_AIM OF THE TASK_
Counting the line with "by (simp add: delta_hf_def" as the last one, copy out the lines of the data exactly from the first onward.

_DATA_
definition eventually_frac_tiling :: "nat \<Rightarrow> nat \<Rightarrow> nat \<Rightarrow> real \<Rightarrow> bool" where
  "eventually_frac_tiling d k l \<delta> \<longleftrightarrow>
     (\<exists>n0. \<forall>G :: nat hgraph. kgraph k G \<and> card (fst G) \<ge> n0 \<and>
        min_codeg_ge d G (\<delta> * real (card (fst G) - d choose (k - d))) \<longrightarrow>
        perfect_frac_tiling k l G)"

definition eventually_hamilton_framework :: "nat \<Rightarrow> nat \<Rightarrow> nat \<Rightarrow> real \<Rightarrow> bool" where
  "eventually_hamilton_framework d k l \<delta> \<longleftrightarrow> (\<exists>n0. hamilton_framework k l (hf_family d k l \<delta> n0))"

lemma delta_frct_eq:
  "delta_frct d k l = Inf {\<delta>. 0 \<le> \<delta> \<and> \<delta> \<le> 1 \<and> (\<forall>\<epsilon>>0. eventually_frac_tiling d k l (\<delta> + \<epsilon>))}"
  by (simp add: delta_frct_def eventually_frac_tiling_def)

lemma delta_hf_eq:
  "delta_hf d k l = Inf {\<delta>. 0 \<le> \<delta> \<and> \<delta> \<le> 1 \<and> (\<forall>\<epsilon>>0. eventually_hamilton_framework d k l (\<delta> + \<epsilon>))}"
  by (simp add: delta_hf_def eventually_hamilton_framework_def)
(* Let $N=2^\ell$ ($\ell$ a positive integer), $\omega=e^{2\pi\mathbf{i}/N}$, and let $C_2\subseteq C_1\subseteq\mathbb{F}_2^n$ be linear codes with bases $\beta_2\subseteq\beta_1$, respectively, and $Q=Q(C_1,C_2)$. Assume $\beta_1\setminus\beta_2=\{w_1,\ldots,w_K\}$, used as the encoding of $Q$, and let $b\in H_N$. For nonempty $J=\{j_1,\ldots,j_h\}\subseteq[K]$ define $$a_{J,b}=(-2)^{h-1}\, b\cdot(w_{j_1}\star\cdots\star w_{j_h})\bmod N.$$ Then the logical action of $U(b)$ is $$\overline{U(b)}=\prod_{h=1}^K\ \prod_{\substack{J\subseteq[K]\\ |J|=h}} C_J\text{-}U(a_{J,b}).$$
   Context: Vectors of $\mathbb{F}_2^n$ are lifted to $\{0,1\}^n\subseteq\mathbb{Z}_N^n$, $\star$ is the componentwise product, and $b\cdot x=\sum_ib_ix_i\bmod N$. $U(a)=\mathrm{diag}(1,\omega^a)$, $U(b)=\bigotimes_iU(b_i)$. $Q(C_1,C_2)$ is the subspace of $(\mathbb{C}^2)^{\otimes n}$ stabilized by all $X(u)Z(v)$, $u\in C_2$, $v\in C_1^\perp$; $H_N=\{b\in\mathbb{Z}_N^n:U(b)Q=Q\}$. The logical states are $|v\rangle_L=|C_2|^{-1/2}\sum_{u\in C_2}|u+\sum_iv_iw_i\rangle$ for $v\in\mathbb{F}_2^K$, and the logical action of $U$ with $UQ=Q$ is $\mathcal{E}^{-1}U\mathcal{E}$ on $(\mathbb{C}^2)^{\otimes K}$ with $\mathcal{E}:|v\rangle\mapsto|v\rangle_L$. For $v\in\mathbb{F}_2^K$ and $J\subseteq[K]$, $v_J=\prod_{i\in J}v_i$, and for $a\in\mathbb{Z}_N$ the controlled gate on $(\mathbb{C}^2)^{\otimes K}$ is $C_J\text{-}U(a)=\sum_{v:\,v_J=0}|v\rangle\langle v|+\omega^a\sum_{v:\,v_J=1}|v\rangle\langle v|$. *)

theory Defs
  imports Complex_Main
begin

text \<open>A vector of F_2^m is a function nat => bool vanishing outside {..<m}.\<close>

definition vecs :: "nat \<Rightarrow> (nat \<Rightarrow> bool) set" where
  "vecs m = {v. \<forall>i\<ge>m. \<not> v i}"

_TASK OUTPUT_
definition eventually_frac_tiling :: "nat \<Rightarrow> nat \<Rightarrow> nat \<Rightarrow> real \<Rightarrow> bool" where
  "eventually_frac_tiling d k l \<delta> \<longleftrightarrow>
     (\<exists>n0. \<forall>G :: nat hgraph. kgraph k G \<and> card (fst G) \<ge> n0 \<and>
        min_codeg_ge d G (\<delta> * real (card (fst G) - d choose (k - d))) \<longrightarrow>
        perfect_frac_tiling k l G)"

definition eventually_hamilton_framework :: "nat \<Rightarrow> nat \<Rightarrow> nat \<Rightarrow> real \<Rightarrow> bool" where
  "eventually_hamilton_framework d k l \<delta> \<longleftrightarrow> (\<exists>n0. hamilton_framework k l (hf_family d k l \<delta> n0))"

lemma delta_frct_eq:
  "delta_frct d k l = Inf {\<delta>. 0 \<le> \<delta> \<and> \<delta> \<le> 1 \<and> (\<forall>\<epsilon>>0. eventually_frac_tiling d k l (\<delta> + \<epsilon>))}"
  by (simp add: delta_frct_def eventually_frac_tiling_def)

lemma delta_hf_eq:
  "delta_hf d k l = Inf {\<delta>. 0 \<le> \<delta> \<and> \<delta> \<le> 1 \<and> (\<forall>\<epsilon>>0. eventually_hamilton_framework d k l (\<delta> + \<epsilon>))}"
  by (simp add: delta_hf_def eventually_hamilton_framework_def)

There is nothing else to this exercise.